* BRIEF *
Only one stretch of the records below should be repeated. It starts with the line containing "by (simp add: sigma_def)" and goes on through the line containing "by (simp add: occ_iff)", exactly as written.

GIVEN INFORMATION Start Marker

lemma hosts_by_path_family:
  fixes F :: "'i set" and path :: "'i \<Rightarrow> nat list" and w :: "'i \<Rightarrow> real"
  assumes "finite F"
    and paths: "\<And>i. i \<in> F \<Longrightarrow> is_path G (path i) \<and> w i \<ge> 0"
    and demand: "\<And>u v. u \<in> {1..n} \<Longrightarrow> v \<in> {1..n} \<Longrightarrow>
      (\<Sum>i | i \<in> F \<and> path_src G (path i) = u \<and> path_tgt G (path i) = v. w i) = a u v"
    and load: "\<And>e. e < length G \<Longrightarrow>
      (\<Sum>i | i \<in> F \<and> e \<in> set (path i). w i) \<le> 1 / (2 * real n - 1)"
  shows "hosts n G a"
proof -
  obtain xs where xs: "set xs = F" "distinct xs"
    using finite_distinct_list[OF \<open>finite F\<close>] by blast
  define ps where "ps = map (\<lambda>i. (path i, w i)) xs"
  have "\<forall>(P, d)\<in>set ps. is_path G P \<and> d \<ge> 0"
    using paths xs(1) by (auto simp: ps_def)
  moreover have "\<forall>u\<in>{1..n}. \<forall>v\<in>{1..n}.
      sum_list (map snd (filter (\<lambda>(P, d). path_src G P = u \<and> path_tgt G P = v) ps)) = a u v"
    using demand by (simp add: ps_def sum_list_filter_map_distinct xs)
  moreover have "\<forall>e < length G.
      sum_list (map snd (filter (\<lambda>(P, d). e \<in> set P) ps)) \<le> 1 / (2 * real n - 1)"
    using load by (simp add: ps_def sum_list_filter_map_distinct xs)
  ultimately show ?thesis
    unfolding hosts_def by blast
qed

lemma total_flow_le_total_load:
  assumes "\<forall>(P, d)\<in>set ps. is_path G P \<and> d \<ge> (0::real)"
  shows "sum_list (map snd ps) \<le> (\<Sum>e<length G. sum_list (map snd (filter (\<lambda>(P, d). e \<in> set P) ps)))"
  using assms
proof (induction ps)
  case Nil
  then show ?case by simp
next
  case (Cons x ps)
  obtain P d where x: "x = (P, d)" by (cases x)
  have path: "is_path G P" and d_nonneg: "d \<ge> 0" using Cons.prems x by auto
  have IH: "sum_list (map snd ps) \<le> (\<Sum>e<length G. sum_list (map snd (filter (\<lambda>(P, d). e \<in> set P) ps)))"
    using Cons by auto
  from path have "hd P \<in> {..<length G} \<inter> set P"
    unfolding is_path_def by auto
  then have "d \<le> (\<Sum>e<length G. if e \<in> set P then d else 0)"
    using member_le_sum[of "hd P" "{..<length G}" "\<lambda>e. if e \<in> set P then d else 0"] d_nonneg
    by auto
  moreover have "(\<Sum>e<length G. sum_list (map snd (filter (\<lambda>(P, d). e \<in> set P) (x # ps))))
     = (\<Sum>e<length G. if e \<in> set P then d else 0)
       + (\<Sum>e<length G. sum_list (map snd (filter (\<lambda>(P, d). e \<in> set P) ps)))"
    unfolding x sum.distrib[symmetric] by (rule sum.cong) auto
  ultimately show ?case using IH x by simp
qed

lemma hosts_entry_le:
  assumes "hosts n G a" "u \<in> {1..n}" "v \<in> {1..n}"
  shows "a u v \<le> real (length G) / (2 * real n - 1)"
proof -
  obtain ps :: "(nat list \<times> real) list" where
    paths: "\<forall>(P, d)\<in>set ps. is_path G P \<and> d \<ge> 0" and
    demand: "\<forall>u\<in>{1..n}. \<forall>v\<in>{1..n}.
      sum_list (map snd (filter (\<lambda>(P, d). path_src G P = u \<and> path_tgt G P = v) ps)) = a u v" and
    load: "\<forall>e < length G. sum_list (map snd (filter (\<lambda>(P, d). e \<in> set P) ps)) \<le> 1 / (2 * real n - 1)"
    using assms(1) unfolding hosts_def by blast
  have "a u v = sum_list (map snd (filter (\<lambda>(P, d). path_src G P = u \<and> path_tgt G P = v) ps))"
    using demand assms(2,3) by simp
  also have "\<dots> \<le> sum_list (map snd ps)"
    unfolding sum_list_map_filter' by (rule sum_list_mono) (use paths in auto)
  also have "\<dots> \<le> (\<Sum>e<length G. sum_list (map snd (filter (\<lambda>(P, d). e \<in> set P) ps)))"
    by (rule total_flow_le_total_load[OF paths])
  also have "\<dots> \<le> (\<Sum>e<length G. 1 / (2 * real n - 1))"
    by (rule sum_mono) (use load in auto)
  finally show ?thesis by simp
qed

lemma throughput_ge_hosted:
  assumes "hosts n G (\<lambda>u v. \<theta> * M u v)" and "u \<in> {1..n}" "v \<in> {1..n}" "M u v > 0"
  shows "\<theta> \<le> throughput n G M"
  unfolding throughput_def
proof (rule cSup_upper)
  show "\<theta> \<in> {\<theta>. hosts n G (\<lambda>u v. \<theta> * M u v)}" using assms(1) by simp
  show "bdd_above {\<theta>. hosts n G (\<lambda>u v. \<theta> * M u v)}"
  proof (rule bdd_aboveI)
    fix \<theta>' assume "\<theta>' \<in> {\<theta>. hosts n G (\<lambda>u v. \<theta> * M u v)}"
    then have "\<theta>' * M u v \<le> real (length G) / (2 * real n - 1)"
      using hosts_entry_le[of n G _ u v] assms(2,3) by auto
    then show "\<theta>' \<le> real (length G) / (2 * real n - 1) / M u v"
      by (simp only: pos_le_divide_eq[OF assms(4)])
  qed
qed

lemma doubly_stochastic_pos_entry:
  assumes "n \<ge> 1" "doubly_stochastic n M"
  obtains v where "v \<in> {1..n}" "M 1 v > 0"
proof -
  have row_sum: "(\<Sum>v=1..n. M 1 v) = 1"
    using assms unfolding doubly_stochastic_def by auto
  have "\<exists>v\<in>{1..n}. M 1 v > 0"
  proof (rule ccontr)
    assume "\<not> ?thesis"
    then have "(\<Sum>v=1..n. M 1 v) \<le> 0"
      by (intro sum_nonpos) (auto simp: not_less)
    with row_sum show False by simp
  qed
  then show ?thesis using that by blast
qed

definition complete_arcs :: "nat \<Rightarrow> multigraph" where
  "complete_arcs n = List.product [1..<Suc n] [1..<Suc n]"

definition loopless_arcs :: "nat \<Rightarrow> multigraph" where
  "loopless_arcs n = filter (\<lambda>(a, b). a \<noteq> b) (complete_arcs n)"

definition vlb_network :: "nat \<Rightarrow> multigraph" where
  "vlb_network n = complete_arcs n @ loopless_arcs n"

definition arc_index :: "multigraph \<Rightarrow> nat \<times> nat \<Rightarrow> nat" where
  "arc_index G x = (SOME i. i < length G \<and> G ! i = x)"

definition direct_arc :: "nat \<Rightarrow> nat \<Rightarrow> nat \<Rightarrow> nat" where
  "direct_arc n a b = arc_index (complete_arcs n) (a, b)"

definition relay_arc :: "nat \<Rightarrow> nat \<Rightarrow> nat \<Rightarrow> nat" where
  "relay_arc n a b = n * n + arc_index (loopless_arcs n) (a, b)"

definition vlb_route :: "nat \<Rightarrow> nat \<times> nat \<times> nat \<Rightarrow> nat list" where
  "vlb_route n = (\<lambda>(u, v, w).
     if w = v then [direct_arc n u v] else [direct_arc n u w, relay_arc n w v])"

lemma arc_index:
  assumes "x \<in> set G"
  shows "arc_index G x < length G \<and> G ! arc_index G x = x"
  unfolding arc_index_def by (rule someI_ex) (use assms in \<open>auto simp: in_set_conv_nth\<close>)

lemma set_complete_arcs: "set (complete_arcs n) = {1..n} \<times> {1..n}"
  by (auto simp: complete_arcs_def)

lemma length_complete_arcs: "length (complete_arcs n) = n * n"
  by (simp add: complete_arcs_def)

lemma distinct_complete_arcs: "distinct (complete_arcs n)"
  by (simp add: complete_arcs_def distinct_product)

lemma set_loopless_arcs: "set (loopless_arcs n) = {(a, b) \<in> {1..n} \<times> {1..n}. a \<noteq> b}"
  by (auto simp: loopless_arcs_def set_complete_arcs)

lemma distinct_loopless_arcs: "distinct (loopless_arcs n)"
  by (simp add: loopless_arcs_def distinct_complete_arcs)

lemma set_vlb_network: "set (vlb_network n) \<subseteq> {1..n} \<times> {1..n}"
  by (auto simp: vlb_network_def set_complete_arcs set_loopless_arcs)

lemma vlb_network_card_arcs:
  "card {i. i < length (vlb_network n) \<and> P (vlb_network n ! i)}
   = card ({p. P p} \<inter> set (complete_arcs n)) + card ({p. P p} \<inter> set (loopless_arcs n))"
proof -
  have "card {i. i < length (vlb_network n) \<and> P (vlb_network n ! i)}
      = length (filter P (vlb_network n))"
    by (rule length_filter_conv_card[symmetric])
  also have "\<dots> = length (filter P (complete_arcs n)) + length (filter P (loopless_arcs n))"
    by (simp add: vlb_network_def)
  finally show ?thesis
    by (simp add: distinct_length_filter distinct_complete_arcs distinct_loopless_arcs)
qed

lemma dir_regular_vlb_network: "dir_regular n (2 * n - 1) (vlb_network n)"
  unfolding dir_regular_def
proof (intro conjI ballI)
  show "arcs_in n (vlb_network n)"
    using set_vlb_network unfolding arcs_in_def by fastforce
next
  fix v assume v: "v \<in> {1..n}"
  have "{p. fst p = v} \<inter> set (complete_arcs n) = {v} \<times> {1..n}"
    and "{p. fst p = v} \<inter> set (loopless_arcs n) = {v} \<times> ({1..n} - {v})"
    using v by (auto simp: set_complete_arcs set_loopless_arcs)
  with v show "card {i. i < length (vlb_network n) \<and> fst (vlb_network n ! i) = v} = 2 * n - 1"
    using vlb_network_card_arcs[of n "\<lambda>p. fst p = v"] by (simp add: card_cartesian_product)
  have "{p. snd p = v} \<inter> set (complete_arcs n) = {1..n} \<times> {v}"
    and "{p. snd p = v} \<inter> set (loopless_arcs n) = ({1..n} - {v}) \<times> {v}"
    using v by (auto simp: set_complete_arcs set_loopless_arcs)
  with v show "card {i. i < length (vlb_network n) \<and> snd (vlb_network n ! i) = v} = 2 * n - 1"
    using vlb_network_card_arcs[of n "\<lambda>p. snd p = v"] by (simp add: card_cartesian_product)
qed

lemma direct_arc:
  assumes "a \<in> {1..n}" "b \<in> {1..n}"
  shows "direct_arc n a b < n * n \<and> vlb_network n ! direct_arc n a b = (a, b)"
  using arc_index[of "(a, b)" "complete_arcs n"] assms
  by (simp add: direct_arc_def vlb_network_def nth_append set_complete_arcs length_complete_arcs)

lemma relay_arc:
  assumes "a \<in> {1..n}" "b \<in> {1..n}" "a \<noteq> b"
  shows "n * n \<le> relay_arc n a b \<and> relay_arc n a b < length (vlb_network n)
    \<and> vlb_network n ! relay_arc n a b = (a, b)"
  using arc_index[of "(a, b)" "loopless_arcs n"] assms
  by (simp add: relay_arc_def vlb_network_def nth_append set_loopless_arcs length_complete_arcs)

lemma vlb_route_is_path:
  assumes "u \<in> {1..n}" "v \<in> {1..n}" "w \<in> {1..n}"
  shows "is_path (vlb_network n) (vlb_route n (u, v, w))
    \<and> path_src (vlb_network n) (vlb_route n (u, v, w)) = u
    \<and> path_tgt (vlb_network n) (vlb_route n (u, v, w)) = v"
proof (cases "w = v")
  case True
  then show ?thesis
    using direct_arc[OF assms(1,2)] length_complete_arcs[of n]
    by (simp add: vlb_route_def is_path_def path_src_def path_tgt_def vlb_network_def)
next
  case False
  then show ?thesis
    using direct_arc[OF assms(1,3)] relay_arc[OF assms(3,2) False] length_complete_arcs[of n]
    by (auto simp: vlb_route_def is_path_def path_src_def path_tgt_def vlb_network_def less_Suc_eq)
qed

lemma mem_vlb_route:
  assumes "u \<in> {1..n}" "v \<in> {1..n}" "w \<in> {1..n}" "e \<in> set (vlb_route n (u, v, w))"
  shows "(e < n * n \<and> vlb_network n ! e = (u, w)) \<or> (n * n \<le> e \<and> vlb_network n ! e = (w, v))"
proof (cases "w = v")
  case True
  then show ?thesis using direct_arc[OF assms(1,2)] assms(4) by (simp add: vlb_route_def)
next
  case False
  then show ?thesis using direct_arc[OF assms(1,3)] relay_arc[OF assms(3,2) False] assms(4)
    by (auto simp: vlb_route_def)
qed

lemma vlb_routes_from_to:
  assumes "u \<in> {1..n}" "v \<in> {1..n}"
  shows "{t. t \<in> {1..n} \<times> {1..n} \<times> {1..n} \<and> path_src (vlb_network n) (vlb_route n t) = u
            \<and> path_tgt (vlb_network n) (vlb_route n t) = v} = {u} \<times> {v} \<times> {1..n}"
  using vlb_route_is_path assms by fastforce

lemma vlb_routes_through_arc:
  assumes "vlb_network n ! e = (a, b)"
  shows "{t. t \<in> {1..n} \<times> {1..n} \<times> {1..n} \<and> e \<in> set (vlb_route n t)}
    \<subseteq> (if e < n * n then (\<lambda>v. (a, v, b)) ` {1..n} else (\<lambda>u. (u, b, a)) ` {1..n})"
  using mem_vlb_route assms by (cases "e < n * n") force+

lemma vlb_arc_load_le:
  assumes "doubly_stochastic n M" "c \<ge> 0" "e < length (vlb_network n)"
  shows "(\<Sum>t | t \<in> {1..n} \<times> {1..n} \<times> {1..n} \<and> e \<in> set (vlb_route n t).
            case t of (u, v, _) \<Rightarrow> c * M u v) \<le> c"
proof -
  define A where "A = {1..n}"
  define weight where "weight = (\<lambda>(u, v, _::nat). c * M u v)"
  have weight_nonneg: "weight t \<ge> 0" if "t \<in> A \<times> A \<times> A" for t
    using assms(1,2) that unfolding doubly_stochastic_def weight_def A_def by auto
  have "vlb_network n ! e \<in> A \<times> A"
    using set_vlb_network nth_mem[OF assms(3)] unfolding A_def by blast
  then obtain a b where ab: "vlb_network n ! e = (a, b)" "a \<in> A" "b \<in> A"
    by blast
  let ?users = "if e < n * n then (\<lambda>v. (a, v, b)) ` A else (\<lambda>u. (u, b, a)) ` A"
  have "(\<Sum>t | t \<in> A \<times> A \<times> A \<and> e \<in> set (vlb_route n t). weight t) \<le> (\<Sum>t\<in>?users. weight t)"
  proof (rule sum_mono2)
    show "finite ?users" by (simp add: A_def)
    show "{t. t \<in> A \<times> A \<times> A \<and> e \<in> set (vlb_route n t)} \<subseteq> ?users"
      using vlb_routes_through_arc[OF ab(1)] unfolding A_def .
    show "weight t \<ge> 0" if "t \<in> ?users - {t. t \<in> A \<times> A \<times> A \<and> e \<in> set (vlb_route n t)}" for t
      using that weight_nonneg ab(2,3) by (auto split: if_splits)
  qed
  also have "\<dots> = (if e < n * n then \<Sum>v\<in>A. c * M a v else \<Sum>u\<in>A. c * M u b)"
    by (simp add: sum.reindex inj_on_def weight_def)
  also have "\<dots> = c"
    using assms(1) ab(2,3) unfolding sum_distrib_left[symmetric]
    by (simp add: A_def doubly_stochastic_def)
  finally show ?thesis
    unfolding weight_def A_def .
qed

GIVEN INFORMATION End Marker
GIVEN INFORMATION Start Marker

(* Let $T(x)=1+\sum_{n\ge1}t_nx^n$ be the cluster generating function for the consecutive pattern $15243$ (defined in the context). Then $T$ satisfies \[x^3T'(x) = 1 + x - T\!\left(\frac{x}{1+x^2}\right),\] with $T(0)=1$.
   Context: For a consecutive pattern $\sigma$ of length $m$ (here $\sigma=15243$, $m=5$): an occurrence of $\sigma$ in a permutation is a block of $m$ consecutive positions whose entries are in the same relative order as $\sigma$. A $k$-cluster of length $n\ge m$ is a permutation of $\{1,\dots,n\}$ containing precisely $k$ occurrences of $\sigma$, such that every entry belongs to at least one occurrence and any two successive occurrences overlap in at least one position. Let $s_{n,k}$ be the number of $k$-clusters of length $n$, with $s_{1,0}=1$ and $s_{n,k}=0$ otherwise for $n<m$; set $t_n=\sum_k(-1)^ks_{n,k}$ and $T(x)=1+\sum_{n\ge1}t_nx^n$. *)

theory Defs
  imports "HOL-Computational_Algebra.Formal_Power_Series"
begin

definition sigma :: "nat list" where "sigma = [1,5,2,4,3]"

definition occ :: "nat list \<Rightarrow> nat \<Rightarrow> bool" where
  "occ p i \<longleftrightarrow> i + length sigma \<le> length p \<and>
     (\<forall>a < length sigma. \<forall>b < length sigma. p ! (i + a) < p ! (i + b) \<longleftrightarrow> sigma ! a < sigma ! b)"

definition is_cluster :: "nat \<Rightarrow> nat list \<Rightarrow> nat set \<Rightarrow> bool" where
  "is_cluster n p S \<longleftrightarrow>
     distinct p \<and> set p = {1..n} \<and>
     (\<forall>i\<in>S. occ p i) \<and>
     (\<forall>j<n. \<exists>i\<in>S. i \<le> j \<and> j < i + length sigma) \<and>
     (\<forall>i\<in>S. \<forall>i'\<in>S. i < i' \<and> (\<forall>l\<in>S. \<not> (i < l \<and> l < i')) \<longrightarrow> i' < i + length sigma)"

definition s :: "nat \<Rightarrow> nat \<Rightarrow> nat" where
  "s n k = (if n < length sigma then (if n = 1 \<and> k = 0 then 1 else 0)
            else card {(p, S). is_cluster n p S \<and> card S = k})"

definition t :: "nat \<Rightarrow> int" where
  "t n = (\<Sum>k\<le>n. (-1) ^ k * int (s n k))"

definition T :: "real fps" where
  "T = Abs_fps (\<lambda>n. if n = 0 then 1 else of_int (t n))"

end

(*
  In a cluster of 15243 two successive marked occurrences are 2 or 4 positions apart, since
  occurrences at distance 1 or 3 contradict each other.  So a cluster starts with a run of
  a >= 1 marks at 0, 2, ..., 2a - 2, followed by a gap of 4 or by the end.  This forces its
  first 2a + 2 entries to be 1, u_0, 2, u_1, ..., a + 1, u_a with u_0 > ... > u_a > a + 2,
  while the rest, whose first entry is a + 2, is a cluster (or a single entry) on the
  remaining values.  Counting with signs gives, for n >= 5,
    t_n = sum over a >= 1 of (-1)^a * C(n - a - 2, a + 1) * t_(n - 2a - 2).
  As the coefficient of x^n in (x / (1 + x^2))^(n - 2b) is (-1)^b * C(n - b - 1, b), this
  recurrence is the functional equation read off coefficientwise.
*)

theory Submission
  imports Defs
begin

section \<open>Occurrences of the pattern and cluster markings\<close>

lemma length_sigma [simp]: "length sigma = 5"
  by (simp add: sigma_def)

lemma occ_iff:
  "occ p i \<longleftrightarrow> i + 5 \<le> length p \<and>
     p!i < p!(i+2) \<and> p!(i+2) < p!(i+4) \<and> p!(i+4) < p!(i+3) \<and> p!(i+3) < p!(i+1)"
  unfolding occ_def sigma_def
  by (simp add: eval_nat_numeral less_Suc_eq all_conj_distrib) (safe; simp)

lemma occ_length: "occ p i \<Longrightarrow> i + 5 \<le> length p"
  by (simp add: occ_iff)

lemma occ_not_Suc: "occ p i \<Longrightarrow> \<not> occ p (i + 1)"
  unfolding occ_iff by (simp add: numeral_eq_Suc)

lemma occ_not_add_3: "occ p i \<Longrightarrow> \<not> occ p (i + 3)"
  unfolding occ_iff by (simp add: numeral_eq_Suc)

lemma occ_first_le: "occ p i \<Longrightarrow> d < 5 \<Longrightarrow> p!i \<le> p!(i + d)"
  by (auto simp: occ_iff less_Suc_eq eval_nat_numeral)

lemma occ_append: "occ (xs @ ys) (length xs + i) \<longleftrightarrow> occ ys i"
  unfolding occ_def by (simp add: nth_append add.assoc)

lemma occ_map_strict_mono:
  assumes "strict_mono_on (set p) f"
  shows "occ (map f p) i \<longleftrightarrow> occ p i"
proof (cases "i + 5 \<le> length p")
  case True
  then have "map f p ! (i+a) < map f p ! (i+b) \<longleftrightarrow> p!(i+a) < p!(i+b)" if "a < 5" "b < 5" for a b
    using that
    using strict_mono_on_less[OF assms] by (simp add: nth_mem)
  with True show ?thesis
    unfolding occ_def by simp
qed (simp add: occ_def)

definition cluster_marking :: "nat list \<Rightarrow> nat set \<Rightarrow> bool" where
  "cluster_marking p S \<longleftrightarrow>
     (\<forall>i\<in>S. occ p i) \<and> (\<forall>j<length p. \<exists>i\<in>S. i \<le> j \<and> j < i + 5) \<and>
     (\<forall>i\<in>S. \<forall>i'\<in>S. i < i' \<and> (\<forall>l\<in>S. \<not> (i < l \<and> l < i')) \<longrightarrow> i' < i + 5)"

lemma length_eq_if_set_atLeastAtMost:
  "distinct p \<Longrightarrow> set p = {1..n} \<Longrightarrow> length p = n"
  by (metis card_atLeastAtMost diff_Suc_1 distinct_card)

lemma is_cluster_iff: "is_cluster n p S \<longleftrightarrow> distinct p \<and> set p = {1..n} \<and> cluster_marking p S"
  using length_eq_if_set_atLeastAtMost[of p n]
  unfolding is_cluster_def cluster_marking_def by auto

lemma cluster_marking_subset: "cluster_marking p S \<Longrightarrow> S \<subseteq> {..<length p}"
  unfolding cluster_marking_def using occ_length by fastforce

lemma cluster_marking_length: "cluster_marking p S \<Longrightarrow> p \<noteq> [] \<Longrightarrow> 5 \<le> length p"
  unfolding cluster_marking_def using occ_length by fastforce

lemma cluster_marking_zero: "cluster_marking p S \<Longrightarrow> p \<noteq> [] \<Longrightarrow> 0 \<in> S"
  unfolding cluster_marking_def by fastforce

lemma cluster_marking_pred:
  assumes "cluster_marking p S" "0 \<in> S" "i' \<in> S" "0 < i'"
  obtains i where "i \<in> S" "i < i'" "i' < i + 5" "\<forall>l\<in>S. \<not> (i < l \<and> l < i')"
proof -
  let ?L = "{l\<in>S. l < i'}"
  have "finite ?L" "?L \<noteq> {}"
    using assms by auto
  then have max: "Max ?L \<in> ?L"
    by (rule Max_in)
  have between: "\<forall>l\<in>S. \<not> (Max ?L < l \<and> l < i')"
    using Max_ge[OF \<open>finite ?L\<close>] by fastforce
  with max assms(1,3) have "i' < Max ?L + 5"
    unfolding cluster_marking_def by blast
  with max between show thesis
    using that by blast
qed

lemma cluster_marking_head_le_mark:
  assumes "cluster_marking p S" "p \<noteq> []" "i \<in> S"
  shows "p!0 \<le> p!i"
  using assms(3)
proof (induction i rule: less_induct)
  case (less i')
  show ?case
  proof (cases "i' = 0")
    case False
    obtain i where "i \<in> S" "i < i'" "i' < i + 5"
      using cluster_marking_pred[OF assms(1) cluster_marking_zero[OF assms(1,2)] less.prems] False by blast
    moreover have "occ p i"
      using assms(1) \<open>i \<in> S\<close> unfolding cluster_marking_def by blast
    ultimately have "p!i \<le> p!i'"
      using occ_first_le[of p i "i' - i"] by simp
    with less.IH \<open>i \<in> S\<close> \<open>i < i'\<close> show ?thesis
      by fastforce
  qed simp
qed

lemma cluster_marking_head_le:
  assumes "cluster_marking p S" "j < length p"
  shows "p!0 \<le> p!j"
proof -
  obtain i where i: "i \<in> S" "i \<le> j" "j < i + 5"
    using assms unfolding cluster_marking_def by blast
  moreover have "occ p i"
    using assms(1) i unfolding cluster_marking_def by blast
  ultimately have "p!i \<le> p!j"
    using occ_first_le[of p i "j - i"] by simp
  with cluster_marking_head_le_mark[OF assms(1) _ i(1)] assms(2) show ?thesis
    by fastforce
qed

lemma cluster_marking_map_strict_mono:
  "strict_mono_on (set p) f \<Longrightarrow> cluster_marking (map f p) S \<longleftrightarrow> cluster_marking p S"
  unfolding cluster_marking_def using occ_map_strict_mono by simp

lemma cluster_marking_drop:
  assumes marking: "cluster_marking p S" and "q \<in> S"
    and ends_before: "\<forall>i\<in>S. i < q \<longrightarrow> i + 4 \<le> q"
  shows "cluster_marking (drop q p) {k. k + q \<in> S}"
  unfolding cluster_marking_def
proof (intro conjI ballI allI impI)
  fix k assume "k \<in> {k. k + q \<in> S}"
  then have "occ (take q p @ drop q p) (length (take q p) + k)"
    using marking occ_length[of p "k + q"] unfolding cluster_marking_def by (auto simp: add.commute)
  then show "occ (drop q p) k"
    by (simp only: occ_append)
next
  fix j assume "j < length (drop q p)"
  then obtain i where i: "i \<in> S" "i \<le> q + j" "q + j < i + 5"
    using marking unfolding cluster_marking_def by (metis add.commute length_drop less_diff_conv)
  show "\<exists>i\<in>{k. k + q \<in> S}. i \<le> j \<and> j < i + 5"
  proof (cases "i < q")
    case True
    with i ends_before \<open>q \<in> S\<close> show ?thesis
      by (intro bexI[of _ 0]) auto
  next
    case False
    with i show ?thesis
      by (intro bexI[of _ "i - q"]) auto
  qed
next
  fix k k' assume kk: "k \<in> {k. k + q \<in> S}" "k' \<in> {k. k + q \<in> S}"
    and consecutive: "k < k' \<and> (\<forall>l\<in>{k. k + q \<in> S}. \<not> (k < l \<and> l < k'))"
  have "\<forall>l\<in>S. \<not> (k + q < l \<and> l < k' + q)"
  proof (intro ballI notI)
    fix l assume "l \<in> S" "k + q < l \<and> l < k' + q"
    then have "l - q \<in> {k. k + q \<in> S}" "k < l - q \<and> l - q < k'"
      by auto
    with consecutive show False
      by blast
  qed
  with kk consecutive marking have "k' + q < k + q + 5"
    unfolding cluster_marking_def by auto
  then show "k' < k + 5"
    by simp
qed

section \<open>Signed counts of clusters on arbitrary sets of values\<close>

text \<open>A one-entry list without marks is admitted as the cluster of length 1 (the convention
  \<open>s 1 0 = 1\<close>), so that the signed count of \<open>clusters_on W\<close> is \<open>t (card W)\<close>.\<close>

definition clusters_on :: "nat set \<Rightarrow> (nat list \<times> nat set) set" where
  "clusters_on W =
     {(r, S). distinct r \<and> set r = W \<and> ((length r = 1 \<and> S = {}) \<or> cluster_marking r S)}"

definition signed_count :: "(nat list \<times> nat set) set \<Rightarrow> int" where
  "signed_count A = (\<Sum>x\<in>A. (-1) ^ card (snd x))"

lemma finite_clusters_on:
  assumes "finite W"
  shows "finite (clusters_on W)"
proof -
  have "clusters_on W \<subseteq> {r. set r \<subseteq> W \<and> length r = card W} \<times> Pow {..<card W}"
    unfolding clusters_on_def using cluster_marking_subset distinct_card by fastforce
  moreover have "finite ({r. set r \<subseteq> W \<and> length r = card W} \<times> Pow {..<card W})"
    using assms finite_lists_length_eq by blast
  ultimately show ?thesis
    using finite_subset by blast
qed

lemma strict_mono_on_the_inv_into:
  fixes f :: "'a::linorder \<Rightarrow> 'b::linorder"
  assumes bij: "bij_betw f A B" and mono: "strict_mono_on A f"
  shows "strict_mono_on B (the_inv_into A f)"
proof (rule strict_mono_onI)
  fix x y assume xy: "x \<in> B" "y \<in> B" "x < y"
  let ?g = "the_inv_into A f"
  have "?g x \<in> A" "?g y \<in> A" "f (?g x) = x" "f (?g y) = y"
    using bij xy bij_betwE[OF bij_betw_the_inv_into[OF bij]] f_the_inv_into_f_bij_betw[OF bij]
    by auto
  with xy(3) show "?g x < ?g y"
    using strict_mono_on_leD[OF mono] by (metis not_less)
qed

GIVEN INFORMATION End Marker

* RESULT OF THE EXERCISE *
  by (simp add: sigma_def)

lemma occ_iff:
  "occ p i \<longleftrightarrow> i + 5 \<le> length p \<and>
     p!i < p!(i+2) \<and> p!(i+2) < p!(i+4) \<and> p!(i+4) < p!(i+3) \<and> p!(i+3) < p!(i+1)"
  unfolding occ_def sigma_def
  by (simp add: eval_nat_numeral less_Suc_eq all_conj_distrib) (safe; simp)

lemma occ_length: "occ p i \<Longrightarrow> i + 5 \<le> length p"
  by (simp add: occ_iff)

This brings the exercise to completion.